Yep. Thirty. Thousand. Words.
Even after I finished, something still felt off. Not wrong, just off. Once I started pressing in, I realized it was a stirring. Eventually Entangled became the first new release from my own Surrendered Scribe Media.
Yep. This crazy year, I obeyed God’s call to start my own business where I encourage audiences to find freedom through surrender. I’ll accomplish it through speaking and fiction. My Surrendering Time series is my first fiction.
Yep. God knew what He was doing. Already the feedback is coming in that Entangled is helping readers see they need to let go of guilt or choices that are holding them back. That story I was ready to give up on is being used to help people.
Because May was so busy, so far it is only on Amazon, but for print, I will probably make it available a few more places. Whether or not you have a Kindle, my version for Kindle is readable on a free app for your tablet, phone, etc…
Here’s what Entangled is about:
Entangled: Surrendering the Past
Book #2, Surrendering Time Series
“You need to leave me alone. It’s the least you can do.”

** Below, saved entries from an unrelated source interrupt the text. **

(* Let $N\geq 3$ be prime, $q\in\mathbb{C}$ with $q^N=1$, $q\neq 1$, and let $X\subset\mathbb{R}^d$ be a convex subspace. Let $\tau:\Delta^m\to X$ and $\sigma:\Delta^n\to X$ be singular simplices ($m,n\geq 0$). Then for every integer $k\geq 0$, $$\partial^k(\tau*\sigma)=\sum_{i=0}^k q^{\,i(m+1-k+i)}\binom{k}{i}_q\,\mathcal{N}^{k-i}(\tau)*\mathcal{N}^{i}(\sigma).$$
   Context: $q$-numbers: $[k]_q=1+q+\cdots+q^{k-1}$, $[k]_q!=[1]_q\cdots[k]_q$ (with $[0]_q!=1$); $\binom{k}{i}_q$ denotes the Gaussian $q$-binomial coefficient evaluated at $q$, which equals $[k]_q!/([i]_q![k-i]_q!)$ for $0\le i\le k\le N-1$ and satisfies $\binom{n}{k}_q+q^{k+1}\binom{n}{k+1}_q=\binom{n+1}{k+1}_q$. Singular $q$-chains: $C^q_n(X)$ is the free $\mathbb{Z}[q]$-module on continuous maps $\Delta^n\to X$, $\Delta^n$ the convex hull of the standard basis $e_0,\dots,e_n$ of $\mathbb{R}^{n+1}$; $\partial_j\sigma=\sigma\circ\lambda_j$ with $\lambda_j:\Delta^{n-1}\to\Delta^n$ the affine map sending $e_0,\dots,e_{n-1}$ in order to $e_0,\dots,\widehat{e_j},\dots,e_n$; border map $\partial=\sum_{j=0}^n q^j\partial_j$ on $C^q_n(X)$ ($n\ge1$), $\partial=0$ on $C^q_0(X)$. Convex product: for $\tau:\Delta^m\to X$, $\sigma:\Delta^n\to X$ and $(\alpha;\beta)=(\alpha_0,\dots,\alpha_m;\beta_0,\dots,\beta_n)\in\Delta^{m+n+1}$, $\tau*\sigma(\alpha;\beta)$ is $\tau(\alpha)$ if $|\beta|=0$, $\sigma(\beta)$ if $|\alpha|=0$, and $|\alpha|\tau(\alpha/|\alpha|)+|\beta|\sigma(\beta/|\beta|)$ otherwise ($|\alpha|=\sum\alpha_i$, $|\beta|=\sum\beta_j$), extended bilinearly to chains. Newton's terms of a singular $m$-simplex $\tau$: $\mathcal{N}^i(\tau)=\partial^i(\tau)$ for $i\le m$, $\mathcal{N}^{m+1}(\tau)=[m+1]_q!\in\mathbb{Z}[q]$, and $\mathcal{N}^i(\tau)=0$ for $i\geq m+2$. Convention for convex products involving scalars: for $c\in\mathbb{Z}[q]$ and a chain $\xi$ of dimension $\ge0$, $c*\xi=\xi*c=c\,\xi$; for $c,c'\in\mathbb{Z}[q]$, $c*c'=0$. *)

theory Defs
  imports "HOL-Analysis.Analysis" "HOL-Homology.Homology"
begin

text \<open>Singular q-chains with coefficients in the complex numbers (Z[q] is a subring of C).
  A singular n-simplex is a map on standard_simplex n (HOL-Homology's model of Delta^n,
  extensional outside it). The dimension of a chain is carried explicitly.\<close>

type_synonym 'a qchain = "((nat \<Rightarrow> real) \<Rightarrow> 'a) \<Rightarrow>\<^sub>0 complex"

definition qint :: "complex \<Rightarrow> nat \<Rightarrow> complex" where
  "qint q k = (\<Sum>i<k. q ^ i)"

definition qfact :: "complex \<Rightarrow> nat \<Rightarrow> complex" where
  "qfact q k = (\<Prod>i\<in>{1..k}. qint q i)"

fun qbinom :: "complex \<Rightarrow> nat \<Rightarrow> nat \<Rightarrow> complex" where
  "qbinom q n 0 = 1"
| "qbinom q 0 (Suc k) = 0"
| "qbinom q (Suc n) (Suc k) = qbinom q n k + q ^ (Suc k) * qbinom q n (Suc k)"

definition qsmult :: "complex \<Rightarrow> 'a qchain \<Rightarrow> 'a qchain" where
  "qsmult a c = Poly_Mapping.map (\<lambda>x. a * x) c"

definition qbd :: "complex \<Rightarrow> nat \<Rightarrow> 'a qchain \<Rightarrow> 'a qchain" where
  "qbd q p c = (if p = 0 then 0 else
     (\<Sum>s\<in>Poly_Mapping.keys c. \<Sum>j\<le>p. Poly_Mapping.single (singular_face p j s) (q ^ j * Poly_Mapping.lookup c s)))"

fun qbdpow :: "complex \<Rightarrow> nat \<Rightarrow> nat \<Rightarrow> 'a qchain \<Rightarrow> 'a qchain" where
  "qbdpow q 0 p c = c"
| "qbdpow q (Suc k) p c = qbd q (p - k) (qbdpow q k p c)"

definition conv_simplex :: "nat \<Rightarrow> nat \<Rightarrow> ((nat \<Rightarrow> real) \<Rightarrow> 'a::real_vector)
    \<Rightarrow> ((nat \<Rightarrow> real) \<Rightarrow> 'a) \<Rightarrow> (nat \<Rightarrow> real) \<Rightarrow> 'a" where
  "conv_simplex m n tu sg = restrict (\<lambda>x.
     let alpha = (\<lambda>i. if i \<le> m then x i else 0);
         beta = (\<lambda>j. if j \<le> n then x (m + 1 + j) else 0);
         a = (\<Sum>i\<le>m. x i);
         b = (\<Sum>j\<le>n. x (m + 1 + j))
     in if b = 0 then tu alpha
        else if a = 0 then sg beta
        else a *\<^sub>R tu (\<lambda>i. alpha i / a) + b *\<^sub>R sg (\<lambda>j. beta j / b))
   (standard_simplex (m + n + 1))"

definition conv_chain :: "nat \<Rightarrow> nat \<Rightarrow> 'a::real_vector qchain \<Rightarrow> 'a qchain \<Rightarrow> 'a qchain" where
  "conv_chain m n c d = (\<Sum>t\<in>Poly_Mapping.keys c. \<Sum>s\<in>Poly_Mapping.keys d.
      Poly_Mapping.single (conv_simplex m n t s) (Poly_Mapping.lookup c t * Poly_Mapping.lookup d s))"

datatype 'a newt = Ch nat "'a qchain" | Sc complex

definition newton :: "complex \<Rightarrow> nat \<Rightarrow> ((nat \<Rightarrow> real) \<Rightarrow> 'a) \<Rightarrow> nat \<Rightarrow> 'a newt" where
  "newton q m tu i =
     (if i \<le> m then Ch (m - i) (qbdpow q i m (Poly_Mapping.single tu 1))
      else if i = m + 1 then Sc (qfact q (m + 1))
      else Sc 0)"

fun newt_prod :: "'a::real_vector newt \<Rightarrow> 'a newt \<Rightarrow> 'a qchain" where
  "newt_prod (Ch p c) (Ch r d) = conv_chain p r c d"
| "newt_prod (Sc a) (Ch r d) = qsmult a d"
| "newt_prod (Ch p c) (Sc a) = qsmult a c"
| "newt_prod (Sc a) (Sc b) = 0"

end

theory Submission
  imports Defs
begin

text \<open>The border of a convex product satisfies the q-Leibniz rule
  \<open>\<partial>(A * B) = \<partial>A * B + q^(dim A + 1) A * \<partial>B\<close>, which follows from the fact that the faces of
  \<open>\<tau> * \<sigma>\<close> are the products of the faces of \<open>\<tau>\<close> with \<open>\<sigma>\<close> (first \<open>m + 1\<close> faces) and of
  \<open>\<tau>\<close> with the faces of \<open>\<sigma>\<close> (last \<open>n + 1\<close> faces, weighted by \<open>q^(m + 1)\<close>). The rule stays
  true for Newton terms once the border of a 0-chain is taken to be its augmentation, because
  the augmentation of \<open>\<partial>^m \<tau>\<close> is \<open>[m + 1]_q!\<close>; hence \<open>\<partial>\<N>^i = \<N>^(i+1)\<close>. Iterating the
  rule \<open>k\<close> times produces the stated coefficients, which obey the q-Pascal recursion.\<close>

lemma lookup_qsmult [simp]: "Poly_Mapping.lookup (qsmult a c) s = a * Poly_Mapping.lookup c s"
  unfolding qsmult_def by transfer (simp add: when_def)

lemma qsmult_add: "qsmult a (x + y) = qsmult a x + qsmult a y"
  by (rule poly_mapping_eqI) (simp add: lookup_add algebra_simps)

lemma qsmult_add_left: "qsmult (a + b) x = qsmult a x + qsmult b x"
  by (rule poly_mapping_eqI) (simp add: lookup_add algebra_simps)

lemma qsmult_zero [simp]: "qsmult a 0 = 0"
  by (rule poly_mapping_eqI) simp

lemma qsmult_zero_left [simp]: "qsmult 0 x = 0"
  by (rule poly_mapping_eqI) simp

lemma qsmult_one [simp]: "qsmult 1 x = x"
  by (rule poly_mapping_eqI) simp

lemma qsmult_qsmult [simp]: "qsmult a (qsmult b x) = qsmult (a * b) x"
  by (rule poly_mapping_eqI) (simp add: algebra_simps)

lemma qsmult_single: "qsmult a (Poly_Mapping.single s v) = Poly_Mapping.single s (a * v)"
  by (rule poly_mapping_eqI) (simp add: lookup_single when_def)

lemma qsmult_sum: "qsmult a (sum f S) = (\<Sum>x\<in>S. qsmult a (f x))"
  by (rule poly_mapping_eqI) (simp add: lookup_sum sum_distrib_left)

lemma sum_single_lookup: "(\<Sum>s\<in>Poly_Mapping.keys c. Poly_Mapping.single s (Poly_Mapping.lookup c s)) = c"
  by (rule poly_mapping_eqI) (auto simp: lookup_sum lookup_single when_def in_keys_iff)

lemma additive_sum:
  fixes Phi :: "'b::comm_monoid_add \<Rightarrow> 'c::cancel_comm_monoid_add"
  assumes "\<And>x y. Phi (x + y) = Phi x + Phi y"
  shows "Phi (sum f S) = (\<Sum>i\<in>S. Phi (f i))"
proof -
  have "Phi 0 = 0"
    using assms[of 0 0] by simp
  with assms show ?thesis
    by (induction S rule: infinite_finite_induct) simp_all
qed

lemma additive_eq_on_singles:
  fixes Phi Psi :: "('k \<Rightarrow>\<^sub>0 'b::comm_monoid_add) \<Rightarrow> 'c::cancel_comm_monoid_add"
  assumes "\<And>x y. Phi (x + y) = Phi x + Phi y" and "\<And>x y. Psi (x + y) = Psi x + Psi y"
    and "\<And>s v. s \<in> Poly_Mapping.keys c \<Longrightarrow> Phi (Poly_Mapping.single s v) = Psi (Poly_Mapping.single s v)"
  shows "Phi c = Psi c"
proof -
  have expand: "F c = (\<Sum>s\<in>Poly_Mapping.keys c. F (Poly_Mapping.single s (Poly_Mapping.lookup c s)))"
    if "\<And>x y. F (x + y) = F x + F y" for F :: "('k \<Rightarrow>\<^sub>0 'b) \<Rightarrow> 'c"
    using additive_sum[of F, OF that, of "\<lambda>s. Poly_Mapping.single s (Poly_Mapping.lookup c s)" "Poly_Mapping.keys c"]
    by (simp add: sum_single_lookup)
  show ?thesis
    using expand[of Phi] expand[of Psi] assms by simp
qed

definition chain_extend :: "('k \<Rightarrow> complex \<Rightarrow> 'b::comm_monoid_add) \<Rightarrow> ('k \<Rightarrow>\<^sub>0 complex) \<Rightarrow> 'b" where
  "chain_extend F c = (\<Sum>s\<in>Poly_Mapping.keys c. F s (Poly_Mapping.lookup c s))"

lemma chain_extend_single: "F s 0 = 0 \<Longrightarrow> chain_extend F (Poly_Mapping.single s v) = F s v"
  by (simp add: chain_extend_def)

lemma chain_extend_superset:
  assumes "finite S" "Poly_Mapping.keys c \<subseteq> S" "\<And>s. F s 0 = 0"
  shows "chain_extend F c = (\<Sum>s\<in>S. F s (Poly_Mapping.lookup c s))"
  unfolding chain_extend_def using assms
  by (intro sum.mono_neutral_left) (auto simp: in_keys_iff)

lemma chain_extend_add:
  fixes F :: "'k \<Rightarrow> complex \<Rightarrow> 'b::cancel_comm_monoid_add"
  assumes "\<And>s x y. F s (x + y) = F s x + F s y"
  shows "chain_extend F (a + b) = chain_extend F a + chain_extend F b"
proof -
  have F0: "F s 0 = 0" for s
    using assms[of s 0 0] by simp
  let ?S = "Poly_Mapping.keys a \<union> Poly_Mapping.keys b"
  have "chain_extend F (a + b) = (\<Sum>s\<in>?S. F s (Poly_Mapping.lookup (a + b) s))"
    by (rule chain_extend_superset) (use keys_add[of a b] F0 in auto)
  also have "\<dots> = (\<Sum>s\<in>?S. F s (Poly_Mapping.lookup a s)) + (\<Sum>s\<in>?S. F s (Poly_Mapping.lookup b s))"
    by (simp add: lookup_add assms sum.distrib)
  also have "\<dots> = chain_extend F a + chain_extend F b"
    by (subst (1 2) chain_extend_superset[where S = ?S]) (use F0 in auto)
  finally show ?thesis .
qed

lemma qbd_eq_chain_extend:
  "qbd q p c = (if p = 0 then 0
     else chain_extend (\<lambda>s v. \<Sum>j\<le>p. Poly_Mapping.single (singular_face p j s) (q ^ j * v)) c)"
  by (simp add: qbd_def chain_extend_def)

lemma qbd_dim_0 [simp]: "qbd q 0 c = 0"
  by (simp add: qbd_def)

lemma qbd_zero [simp]: "qbd q p 0 = 0"
  by (simp add: qbd_def)

lemma qbd_add: "qbd q p (x + y) = qbd q p x + qbd q p y"
  by (simp add: qbd_eq_chain_extend chain_extend_add single_add distrib_left sum.distrib)

lemma qbd_sum: "qbd q p (sum f S) = (\<Sum>i\<in>S. qbd q p (f i))"
  by (rule additive_sum) (rule qbd_add)

lemma qbd_single:
  "p \<noteq> 0 \<Longrightarrow> qbd q p (Poly_Mapping.single s v)
     = (\<Sum>j\<le>p. Poly_Mapping.single (singular_face p j s) (q ^ j * v))"
  by (simp add: qbd_eq_chain_extend chain_extend_single)

lemma qbd_qsmult: "qbd q p (qsmult a x) = qsmult a (qbd q p x)"
  by (rule additive_eq_on_singles[where c = x], simp_all add: qbd_add qsmult_add)
     (cases "p = 0"; simp add: qsmult_single qbd_single qsmult_sum mult.left_commute)

lemma conv_chain_eq_chain_extend:
  "conv_chain m n c d
     = chain_extend (\<lambda>t v. chain_extend (\<lambda>s w. Poly_Mapping.single (conv_simplex m n t s) (v * w)) d) c"
  by (simp add: conv_chain_def chain_extend_def)

lemma conv_chain_add_left: "conv_chain m n (c + c') d = conv_chain m n c d + conv_chain m n c' d"
  unfolding conv_chain_eq_chain_extend
  by (rule chain_extend_add) (simp add: chain_extend_def single_add distrib_right sum.distrib)

lemma conv_chain_add_right: "conv_chain m n c (d + d') = conv_chain m n c d + conv_chain m n c d'"
  unfolding conv_chain_eq_chain_extend
  by (subst (1 2 3) chain_extend_def) (simp add: chain_extend_add single_add distrib_left sum.distrib)

lemma conv_chain_single:
  "conv_chain m n (Poly_Mapping.single t v) (Poly_Mapping.single s w)
     = Poly_Mapping.single (conv_simplex m n t s) (v * w)"
  by (simp add: conv_chain_eq_chain_extend chain_extend_single)

lemma conv_chain_sum_left: "conv_chain m n (sum f S) d = (\<Sum>i\<in>S. conv_chain m n (f i) d)"
  by (rule additive_sum) (rule conv_chain_add_left)

lemma conv_chain_sum_right: "conv_chain m n c (sum f S) = (\<Sum>i\<in>S. conv_chain m n c (f i))"
  by (rule additive_sum) (rule conv_chain_add_right)

definition augmentation :: "'a qchain \<Rightarrow> complex" where
  "augmentation c = chain_extend (\<lambda>s v. v) c"

lemma augmentation_add: "augmentation (x + y) = augmentation x + augmentation y"
  unfolding augmentation_def by (rule chain_extend_add) simp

Carla Rowling has been given her dream of attending cosmetology school. The gift is so generous she feels unworthy because of choices she made as a teen. The pressure mounts as Carla juggles school, is a single mom, helps her best friend Jenna plan her wedding, spends time with boyfriend Will Marshall, and deals with the fact that her son’s father is back in their lives. Will Marshall is the one Speculator Falls resident everyone can count on. His truck deliveries are reliable. He’s the first to help friends like Ben Regan with boat work or be a card partner with Bart Davis. Will’s ready to settle down with Carla, loving her is natural. He’s bonded with her son, Noah. But when Carla starts cosmetology school, she puts emotional distance between her and Will. Can Carla release her past and create a future full of highlights, or, will she burn her options worse than a bad perm?